Reference is made to that certain Indenture governing the Exchangeable Senior Secured Notes due 2012 (the “Notes”), dated January 11, 2008, as amended on March 14, 2008 (as so amended from time to time, the “Indenture”), by and between Whitehorse Technology Limited (the “Company”) and DB Trustees (Hong Kong) Limited, as trustee (the “Trustee” or “DB Trustees”). Capitalized terms used herein shall have the meanings assigned to them in the Indenture unless otherwise indicated.

Abax Lotus Ltd., on behalf of Abax Nai Xin A Ltd. and Abax Jade Ltd., as the current holders of all outstanding Notes, (together, the “Existing Noteholders”) and the Company hereby irrevocably instruct you, in your capacity as paying agent and security agent, as follows:

  1.

To immediately wire US$1,000,000, which amount is currently held in escrow in the account of the Trustee, to the Existing Noteholders through Euroclear.

     
  2.

To immediately:


  a.

wire US$30,000,000 to the Existing Noteholders through Euroclear;

     
  b.

cancel an aggregate of 52% of all of the outstanding Note, and

     
  c.

return to the Company 8,800,000 shares of the Common Stock, which shares were pledged as Collateral for the Notes pursuant to Share Pledge Agreement.

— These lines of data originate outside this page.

lemma occs_simps [simp]:
  "occs {#} = {#}"
  "occs (add_mset G \<Gamma>) = atom_occs G + occs \<Gamma>"
  "occs (\<Gamma> + \<Delta>) = occs \<Gamma> + occs \<Delta>"
  by (auto simp: occs_def)

lemma occs_mono: "\<Gamma> \<subseteq># \<Delta> \<Longrightarrow> occs \<Gamma> \<subseteq># occs \<Delta>"
  unfolding occs_def by (rule sum_mset_image_mset_mono_strong) auto

lemma occs_mem: "G \<in># \<Gamma> \<Longrightarrow> a \<in># atom_occs G \<Longrightarrow> a \<in># occs \<Gamma>"
  by (auto dest!: multi_member_split)

definition at_most_twice :: "nat multiset \<Rightarrow> bool" where
  "at_most_twice M \<longleftrightarrow> (\<forall>a. count M a \<le> 2)"

definition binary_seq :: "fm multiset \<Rightarrow> fm \<Rightarrow> bool" where
  "binary_seq \<Gamma> X \<longleftrightarrow> at_most_twice (occs \<Gamma> + atom_occs X)"

lemma binary_seq_empty: "binary_seq {#} F \<longleftrightarrow> binary F"
  by (simp add: binary_seq_def at_most_twice_def binary_def)

lemma at_most_twice_mono: "M \<subseteq># N \<Longrightarrow> at_most_twice N \<Longrightarrow> at_most_twice M"
  unfolding at_most_twice_def by (meson mset_subset_eq_count order_trans)

lemma binary_seq_sub:
  "binary_seq \<Gamma> X \<Longrightarrow> occs \<Gamma>' + atom_occs X' \<subseteq># occs \<Gamma> + atom_occs X \<Longrightarrow> binary_seq \<Gamma>' X'"
  unfolding binary_seq_def by (rule at_most_twice_mono)

text \<open>The counting principle behind all uses of binarity: no atom can be found in
  three disjoint parts of an at-most-twice multiset.\<close>
lemma at_most_twice_three:
  assumes "at_most_twice N" "P + Q + R \<subseteq># N" "a \<in># P" "a \<in># Q" "a \<in># R"
  shows False
proof -
  have "count (P + Q + R) a \<le> 2"
    using assms(1,2) unfolding at_most_twice_def by (meson mset_subset_eq_count order_trans)
  moreover have "0 < count P a" "0 < count Q a" "0 < count R a"
    using assms(3-5) by simp_all
  ultimately show False by simp
qed

definition entails :: "fm multiset \<Rightarrow> fm \<Rightarrow> bool" where
  "entails \<Gamma> X \<longleftrightarrow> (\<forall>v. (\<forall>G\<in>#\<Gamma>. eval v G) \<longrightarrow> eval v X)"

lemma entails_empty: "entails {#} F \<longleftrightarrow> tautology F"
  by (simp add: entails_def tautology_def)

fun head :: "fm \<Rightarrow> nat" where
  "head (Atom p) = p"
| "head (A \<^bold>\<rightarrow> B) = head B"

lemma head_in_atom_occs: "head F \<in># atom_occs F"
  by (induction F) auto

lemma eval_head: "v (head F) \<Longrightarrow> eval v F"
  by (induction F) auto

lemma eval_cong: "(\<And>a. a \<in># atom_occs F \<Longrightarrow> v a = w a) \<Longrightarrow> eval v F = eval w F"
  by (induction F) auto

lemma CL7_sound: "CL7 \<Gamma> X \<Longrightarrow> entails \<Gamma> X"
  by (induction rule: CL7.induct) (auto simp: entails_def)

lemma CL7_subst: "CL7 \<Gamma> X \<Longrightarrow> CL7 (image_mset (subst \<sigma>) \<Gamma>) (subst \<sigma> X)"
proof (induction rule: CL7.induct)
  case (ImpL F \<Gamma> G \<Delta> E)
  then show ?case using CL7.ImpL[of "subst \<sigma> F"] by simp
qed (simp_all add: CL7.Ax CL7.ImpR)

lemma CL7_weaken: "CL7 \<Gamma> X \<Longrightarrow> CL7 (\<Gamma> + \<Theta>) X"
proof (induction rule: CL7.induct)
  case (ImpL F \<Gamma> G \<Delta> E)
  have "CL7 (add_mset F (\<Gamma> + \<Theta>)) G" using ImpL(3) by simp
  from CL7.ImpL[OF this ImpL(2)] show ?case by (simp add: ac_simps)
qed (simp_all add: CL7.Ax CL7.ImpR)

section \<open>Every derivable sequent is an instance of a derivable binary sequent\<close>

definition rename :: "(nat \<Rightarrow> nat) \<Rightarrow> fm \<Rightarrow> fm" where
  "rename f = subst (\<lambda>n. Atom (f n))"

definition interleave :: "(nat \<Rightarrow> fm) \<Rightarrow> (nat \<Rightarrow> fm) \<Rightarrow> nat \<Rightarrow> fm" where
  "interleave \<sigma>1 \<sigma>2 n = (if even n then \<sigma>1 (n div 2) else \<sigma>2 (n div 2))"

abbreviation evens :: "fm \<Rightarrow> fm" where "evens \<equiv> rename (\<lambda>n. 2 * n)"
abbreviation odds :: "fm \<Rightarrow> fm" where "odds \<equiv> rename (\<lambda>n. Suc (2 * n))"

lemma subst_interleave_evens: "subst (interleave \<sigma>1 \<sigma>2) (evens A) = subst \<sigma>1 A"
  by (induction A) (simp_all add: rename_def interleave_def)

lemma subst_interleave_odds: "subst (interleave \<sigma>1 \<sigma>2) (odds A) = subst \<sigma>2 A"
  by (induction A) (simp_all add: rename_def interleave_def)

lemma atom_occs_rename: "atom_occs (rename f A) = image_mset f (atom_occs A)"
  by (induction A) (simp_all add: rename_def)

lemma occs_rename: "occs (image_mset (rename f) \<Gamma>) = image_mset f (occs \<Gamma>)"
  by (induction \<Gamma>) (simp_all add: atom_occs_rename)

Each of the Company and Existing Noteholders hereby agree that DB Trustees shall not have any liability to the Company or the Existing Noteholders arising out of its action taken pursuant to this instruction letter. The Company shall indemnify DB Trustee and hold it harmless against any loss, liability, damage or expense (including reasonable attorneys’ fees) that DB Trustee may incur as a result of acting in accordance with this instruction letter, except for any loss, liability, damage or expense arising from its own gross negligence or willful misconduct.


Sincerely,
 
ABAX NAI XIN A LTD.   ABAX JADE LTD.  
       
By:   By:  
Name:   Name:  
Title:   Title:  
     
WHITEHORSE TECHNOLOGY LIMITED      
       
By:      
Name:      
Title:      
ACCEPTED AND AGREED BY DB TRUSTEES:      
       
DB Trustees (Hong Kong) Limited, as the Trustee,      
Paying Agent and Security Agent      
    Date:  
By:      
Name:      
Title:      


EXHIBIT A-2

IRREVOCABLE JOINT INSTRUCTION LETTER TO THE TRUSTEE
(FINAL CLOSING)

DB Trustees (Hong Kong) Limited
48th Floor, Cheung Kong Center
2 Queen’s Road Central
Hong Kong
Attention: Edward Chiu

________, 2010

RE: Irrevocable joint instructions

Dear Mr. Chiu:

Reference is made to that certain Indenture governing the Exchangeable Senior Secured Notes due 2012 (the “Notes”), dated January 11, 2008, as amended on March 14, 2008 (as so amended from time to time, the “Indenture”), by and between Whitehorse Technology Limited (the “Company”) and DB Trustees (Hong Kong) Limited, as trustee (the “Trustee” or “DB Trustees”). Capitalized terms used herein shall have the meanings assigned to them in the Indenture unless otherwise indicated.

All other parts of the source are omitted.